La bromadiolone est une substance très toxique, même à faibles doses, qui provoque chez les mammifères et les oiseaux des hémorragies mortelles.

L'ECHA (Agence européenne des produits chimiques, organisme officiel européen chargé d'évaluer les risques associés aux substances chimiques) a classé la bromadiolone comme suit :

Icone rouge  toxicité aiguë : mortelle par ingestion, contact cutané ou inhalation

Icone rouge   toxicité chronique : risque avéré d'effets graves sur la coagulation en cas d'exposition répétée

Icone rouge   toxicité environnementale : très toxique pour les organismes aquatiques avec effets persistants à long-terme.

Difficile de faire pire !
Et pas étonnant que les campagnes de lutte chimique avec la bromadiolone s'accompagnent d'une mortalité importante chez les rapaces et les mammifères.

Ce qui est plus surprenant en revanche, c'est qu'une substance potentiellement aussi dangereuse ne soit pas interdite.

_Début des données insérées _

lemma chain_sum_append:
  "xs \<noteq> [] \<Longrightarrow> ys \<noteq> [] \<Longrightarrow>
    chain_sum f (xs @ ys) = chain_sum f xs + f (last xs) (hd ys) + chain_sum f ys"
proof (induction xs rule: induct_list012)
  case (2 x)
  then show ?case by (cases ys) auto
qed (auto simp: add_ac)

lemma chain_sum_append_tl:
  assumes "xs \<noteq> []" "ys \<noteq> []" "last xs = hd ys"
  shows "chain_sum f (xs @ tl ys) = chain_sum f xs + chain_sum f ys"
  using assms by (cases ys; cases "tl ys") (auto simp: chain_sum_append)

lemma chain_sum_rev: "chain_sum f (rev xs) = chain_sum (\<lambda>a b. f b a) xs"
proof (induction xs rule: induct_list012)
  case (3 x y zs)
  have "chain_sum f (rev (x # y # zs)) = chain_sum f (rev (y # zs)) + f y x"
    using chain_sum_append[of "rev (y # zs)" "[x]" f] by (simp add: last_rev)
  then show ?case using 3 by (simp add: add_ac)
qed auto

lemma chain_sum_map: "chain_sum f (map g xs) = chain_sum (\<lambda>a b. f (g a) (g b)) xs"
  by (induction xs rule: induct_list012) auto

lemma chain_sum_cong:
  "(\<And>a b. a \<in> set xs \<Longrightarrow> b \<in> set xs \<Longrightarrow> f a b = g a b) \<Longrightarrow> chain_sum f xs = chain_sum g xs"
  by (induction f xs rule: chain_sum.induct) auto

lemma chain_sum_const:
  "(\<And>a. f a a = 0) \<Longrightarrow> (\<And>t. t \<in> set xs \<Longrightarrow> t = c) \<Longrightarrow> chain_sum f xs = 0"
  by (induction f xs rule: chain_sum.induct) auto

lemma chain_sum_Cons_ge: "chain_sum f xs \<le> chain_sum f (x # xs)"
  by (cases xs) auto

lemma chain_sum_insert_le:
  assumes triangle: "\<And>a b c. f a c \<le> f a b + f b c"
  shows "chain_sum f (xs @ ys) \<le> chain_sum f (xs @ [b]) + chain_sum f (b # ys)"
proof (cases "xs = []")
  case True
  then show ?thesis using chain_sum_Cons_ge[of f ys b] by (simp add: add_increasing)
next
  case xs: False
  show ?thesis
  proof (cases "ys = []")
    case True
    then show ?thesis using xs by (simp add: chain_sum_append add_increasing2)
  next
    case False
    have "chain_sum f (xs @ ys) = chain_sum f xs + f (last xs) (hd ys) + chain_sum f ys"
      using xs False by (rule chain_sum_append)
    also have "\<dots> \<le> chain_sum f xs + (f (last xs) b + f b (hd ys)) + chain_sum f ys"
      by (intro add_mono order_refl triangle)
    also have "\<dots> = chain_sum f (xs @ [b]) + chain_sum f (b # ys)"
      using xs False by (cases ys) (auto simp: chain_sum_append add_ac)
    finally show ?thesis .
  qed
qed

lemma triangle_le_chain_sum:
  assumes refl: "\<And>a. d a a = 0" and triangle: "\<And>a b c. d a c \<le> d a b + d b c"
    and le: "\<And>a b. d a b \<le> f a b"
  shows "xs \<noteq> [] \<Longrightarrow> d (hd xs) (last xs) \<le> chain_sum f xs"
proof (induction xs rule: induct_list012)
  case (3 a b xs)
  have "d a (last (b # xs)) \<le> d a b + d b (last (b # xs))" by (rule triangle)
  also have "\<dots> \<le> f a b + chain_sum f (b # xs)"
    using le 3 by (intro add_mono) auto
  finally show ?case by simp
qed (auto simp: refl)

definition chains :: "'a \<Rightarrow> 'a \<Rightarrow> 'a list set" where
  "chains x y = {xs. 2 \<le> length xs \<and> hd xs = x \<and> last xs = y}"

definition chain_inf :: "('a \<Rightarrow> 'a \<Rightarrow> ennreal) \<Rightarrow> 'a \<Rightarrow> 'a \<Rightarrow> ennreal" where
  "chain_inf f x y = (INF xs \<in> chains x y. chain_sum f xs)"

lemma chain_inf_le: "chain_inf f x y \<le> f x y"
proof -
  have "[x, y] \<in> chains x y" by (simp add: chains_def)
  then show ?thesis unfolding chain_inf_def by (rule INF_lower2) simp
qed

lemma chain_inf_commute:
  assumes "\<And>a b. f a b = f b a"
  shows "chain_inf f x y = chain_inf f y x"
proof -
  have "chain_sum f ` chains x y = chain_sum f ` chains y x"
  proof -
    have "chain_sum f xs = chain_sum f (rev xs)" for xs
      by (simp add: chain_sum_rev assms)
    moreover have "chains y x = rev ` chains x y"
      by (force simp: chains_def hd_rev last_rev image_iff intro: exI[of _ "rev _"])
    ultimately show ?thesis by (auto simp: image_image)
  qed
  then show ?thesis by (simp add: chain_inf_def)
qed

lemma chain_inf_triangle: "chain_inf f x z \<le> chain_inf f x y + chain_inf f y z"
proof (rule ennreal_le_epsilon)
  fix \<epsilon> :: real assume fin: "chain_inf f x y + chain_inf f y z < top" and \<epsilon>: "0 < \<epsilon>"
  have "chain_inf f x y \<noteq> \<infinity>" "chain_inf f y z \<noteq> \<infinity>" using fin by (auto simp: top_unique)
  then obtain xs ys where
    xs: "xs \<in> chains x y" "chain_sum f xs < chain_inf f x y + ennreal (\<epsilon> / 2)" and
    ys: "ys \<in> chains y z" "chain_sum f ys < chain_inf f y z + ennreal (\<epsilon> / 2)"
    using INF_approx_ennreal[OF _ chain_inf_def, of "\<epsilon> / 2"] \<epsilon> by (metis half_gt_zero)
  have "xs @ tl ys \<in> chains x z"
    using xs(1) ys(1) by (cases xs; cases ys) (auto simp: chains_def)
  then have "chain_inf f x z \<le> chain_sum f (xs @ tl ys)"
    unfolding chain_inf_def by (rule INF_lower)
  also have "\<dots> = chain_sum f xs + chain_sum f ys"
    using xs(1) ys(1) by (intro chain_sum_append_tl) (auto simp: chains_def)
  also have "\<dots> \<le> (chain_inf f x y + ennreal (\<epsilon> / 2)) + (chain_inf f y z + ennreal (\<epsilon> / 2))"
    using xs(2) ys(2) by (intro add_mono) auto
  also have "\<dots> = chain_inf f x y + chain_inf f y z + ennreal \<epsilon>"
    using \<epsilon> by (simp add: ac_simps ennreal_plus[symmetric] del: ennreal_plus)
  finally show "chain_inf f x z \<le> chain_inf f x y + chain_inf f y z + ennreal \<epsilon>" .
qed

lemma ennreal_dist_triangle:
  "ennreal (dist a c) \<le> ennreal (dist a b) + ennreal (dist b c)"
  by (metis dist_triangle ennreal_leI ennreal_plus zero_le_dist)

lemma dist_le_chain_inf:
  assumes "\<And>a b. ennreal (dist a b) \<le> f a b"
  shows "ennreal (dist x y) \<le> chain_inf f x y"
  unfolding chain_inf_def
proof (rule INF_greatest)
  fix xs assume xs: "xs \<in> chains x y"
  then have "xs \<noteq> []" by (auto simp: chains_def)
  from triangle_le_chain_sum[OF _ ennreal_dist_triangle assms this]
  show "ennreal (dist x y) \<le> chain_sum f xs" using xs by (simp add: chains_def)
qed

lemma Metric_space_enn2real:
  fixes d :: "'a \<Rightarrow> 'a \<Rightarrow> ennreal"
  assumes finite: "\<And>x y. d x y \<noteq> \<infinity>" and zero: "\<And>x y. d x y = 0 \<longleftrightarrow> x = y"
    and commute: "\<And>x y. d x y = d y x" and triangle: "\<And>x y z. d x z \<le> d x y + d y z"
  shows "Metric_space UNIV (\<lambda>x y. enn2real (d x y))"
proof
  fix x y z
  show "0 \<le> enn2real (d x y)" by simp
  show "enn2real (d x y) = enn2real (d y x)" by (simp add: commute)
  show "enn2real (d x y) = 0 \<longleftrightarrow> x = y" using finite[of x y] zero[of x y] by (simp add: enn2real_eq_0_iff)
  have "enn2real (d x z) \<le> enn2real (d x y + d y z)"
    using triangle[of x z y] finite[of x y] finite[of y z]
    by (intro enn2real_mono) (auto simp: less_top[symmetric])
  then show "enn2real (d x z) \<le> enn2real (d x y) + enn2real (d y z)"
    using finite[of x y] finite[of y z] by (simp add: enn2real_plus less_top[symmetric])
qed

section \<open>Length of curves\<close>

lemma sorted_split_at:
  fixes ts :: "'a::linorder list"
  assumes "sorted ts"
  obtains xs ys where "ts = xs @ ys" "\<forall>x\<in>set xs. x \<le> b" "\<forall>y\<in>set ys. b < y"
  using assms
proof (induction ts arbitrary: thesis)
  case (Cons t ts)
  show ?case
  proof (cases "t \<le> b")
    case True
    obtain xs ys where "ts = xs @ ys" "\<forall>x\<in>set xs. x \<le> b" "\<forall>y\<in>set ys. b < y"
      using Cons.IH Cons.prems(2) by auto
    then show ?thesis using True by (intro Cons.prems(1)[of "t # xs" ys]) auto
  next
    case False
    then show ?thesis using Cons.prems by (intro Cons.prems(1)[of "[]" "t # ts"]) auto
  qed
qed simp

abbreviation inscribed_length :: "(real \<Rightarrow> 'a::metric_space) \<Rightarrow> real list \<Rightarrow> ennreal" where
  "inscribed_length g \<equiv> chain_sum (\<lambda>s t. ennreal (dist (g s) (g t)))"

lemma length_on_eq_SUP:
  "length_on g a b = (SUP ts \<in> {ts. sorted ts \<and> set ts \<subseteq> {a..b}}. inscribed_length g ts)"
  unfolding length_on_def
  using sum_consecutive_eq_chain_sum[of "\<lambda>s t. ennreal (dist (g s) (g t))"] by simp

lemma inscribed_length_le_length_on:
  "sorted ts \<Longrightarrow> set ts \<subseteq> {a..b} \<Longrightarrow> inscribed_length g ts \<le> length_on g a b"
  unfolding length_on_eq_SUP by (rule SUP_upper) auto

lemma dist_le_length_on:
  assumes "s \<in> {a..b}" "t \<in> {a..b}"
  shows "ennreal (dist (g s) (g t)) \<le> length_on g a b"
proof (cases "s \<le> t")
  case True
  then show ?thesis using inscribed_length_le_length_on[of "[s, t]" a b g] assms by simp
next
  case False
  then show ?thesis
    using inscribed_length_le_length_on[of "[t, s]" a b g] assms by (simp add: dist_commute)
qed

lemma length_on_mono: "a \<le> a' \<Longrightarrow> b' \<le> b \<Longrightarrow> length_on g a' b' \<le> length_on g a b"
  unfolding length_on_eq_SUP by (intro SUP_subset_mono) auto

lemma length_on_degenerate:
  assumes "b \<le> a"
  shows "length_on g a b = 0"
  unfolding length_on_eq_SUP
proof (rule antisym[OF SUP_least])
  fix ts assume "ts \<in> {ts. sorted ts \<and> set ts \<subseteq> {a..b}}"
  then have "inscribed_length g ts = 0"
    using assms by (intro chain_sum_const[of _ _ a]) auto
  then show "inscribed_length g ts \<le> 0" by simp
qed simp

lemma inscribed_length_split_le:
  assumes "sorted ts" "set ts \<subseteq> {a..c}" "b \<in> {a..c}"
  shows "inscribed_length g ts \<le> length_on g a b + length_on g b c"
proof -
  obtain xs ys where split: "ts = xs @ ys" "\<forall>x\<in>set xs. x \<le> b" "\<forall>y\<in>set ys. b < y"
    using sorted_split_at[OF assms(1)] by blast
  have "inscribed_length g ts \<le> inscribed_length g (xs @ [b]) + inscribed_length g (b # ys)"
    unfolding split(1) by (rule chain_sum_insert_le) (rule ennreal_dist_triangle)
  also have "\<dots> \<le> length_on g a b + length_on g b c"
  proof (intro add_mono inscribed_length_le_length_on)
    have "sorted xs" "sorted ys" using assms(1) split(1) by (simp_all add: sorted_append)
    then show "sorted (xs @ [b])" "sorted (b # ys)"
      using split by (auto simp: sorted_append less_imp_le)
    show "set (xs @ [b]) \<subseteq> {a..b}" "set (b # ys) \<subseteq> {b..c}"
      using assms split by (fastforce simp: less_imp_le)+
  qed
  finally show ?thesis .
qed

lemma length_on_add:
  assumes "a \<le> b" "b \<le> c"
  shows "length_on g a c = length_on g a b + length_on g b c"
proof (rule antisym)
  show "length_on g a c \<le> length_on g a b + length_on g b c"
    unfolding length_on_eq_SUP[of g a c] using assms
    by (intro SUP_least inscribed_length_split_le) auto
next
  let ?P = "\<lambda>a b. {ts. sorted ts \<and> set ts \<subseteq> {a..b}}"
  have ne: "?P a b \<noteq> {}" for a b by (auto intro!: exI[of _ "[]"])
  have "length_on g a b + length_on g b c =
      (SUP xs \<in> ?P a b. SUP ys \<in> ?P b c. inscribed_length g xs + inscribed_length g ys)"
    unfolding length_on_eq_SUP
    by (simp add: ennreal_SUP_add_left[OF ne, symmetric] ennreal_SUP_add_right[OF ne])
      (rule SUP_commute)
  also have "\<dots> \<le> length_on g a c"
  proof (intro SUP_least)
    fix xs ys assume xs: "xs \<in> ?P a b" and ys: "ys \<in> ?P b c"
    have "inscribed_length g xs + inscribed_length g ys \<le> inscribed_length g (xs @ ys)"
      by (cases "xs = [] \<or> ys = []") (auto simp: chain_sum_append)
    also have "\<dots> \<le> length_on g a c"
    proof (rule inscribed_length_le_length_on)
      have "x \<le> y" if "x \<in> set xs" "y \<in> set ys" for x y
      proof -
        have "x \<le> b" "b \<le> y" using that xs ys by auto
        then show ?thesis by linarith
      qed
      then show "sorted (xs @ ys)" using xs ys by (simp add: sorted_append)
      show "set (xs @ ys) \<subseteq> {a..c}" using xs ys assms by auto
    qed
    finally show "inscribed_length g xs + inscribed_length g ys \<le> length_on g a c" .
  qed
  finally show "length_on g a b + length_on g b c \<le> length_on g a c" .
qed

L'interdiction de la bromadiolone a pourtant été maintes fois annoncée ... puis reportée devant la pression des lobbies agricoles et chimiques.
Finalement, en 2014, un compromis a été trouvé avec un arrêté règlementant l'utilisation de la bromadiolone dans la lutte contre les campagnols.

Cet arrêté encadre les modalités d'utilisation des appâts empoisonnés à la bromadiolone et rappelle que la lutte chimique ne peut être autorisée qu'en complément de mesures agro-environnementales, et notamment une optimisation de la régulation naturelle par les prédateurs.

Malheureusement, les services préfectoraux montrent peu de zèle pour faire appliquer la règlementation si bien que, sur le terrain, la mise en oeuvre des mesures agro-environementales reste le plus souvent un voeu pieux.

En particulier, les renards, pourtant gros consommateurs de campagnols, continuent à être persécutés avec acharnement sur les communes mêmes où des campagnes de lutte chimique sont menées.

Force est donc de constater que les pouvoirs publics préfèrent acheter la paix avec les lobbies des chasseurs et des agriculteurs plutôt que de veiller à la qualité de notre environnement.
C'est donc aux citoyens de se mobiliser, avec les associations de protection de la nature, pour exiger que ce scandale cesse et que la bromadiolone soit interdite, ou au minimum que l'arrêté de 2014 soit correctement appliqué.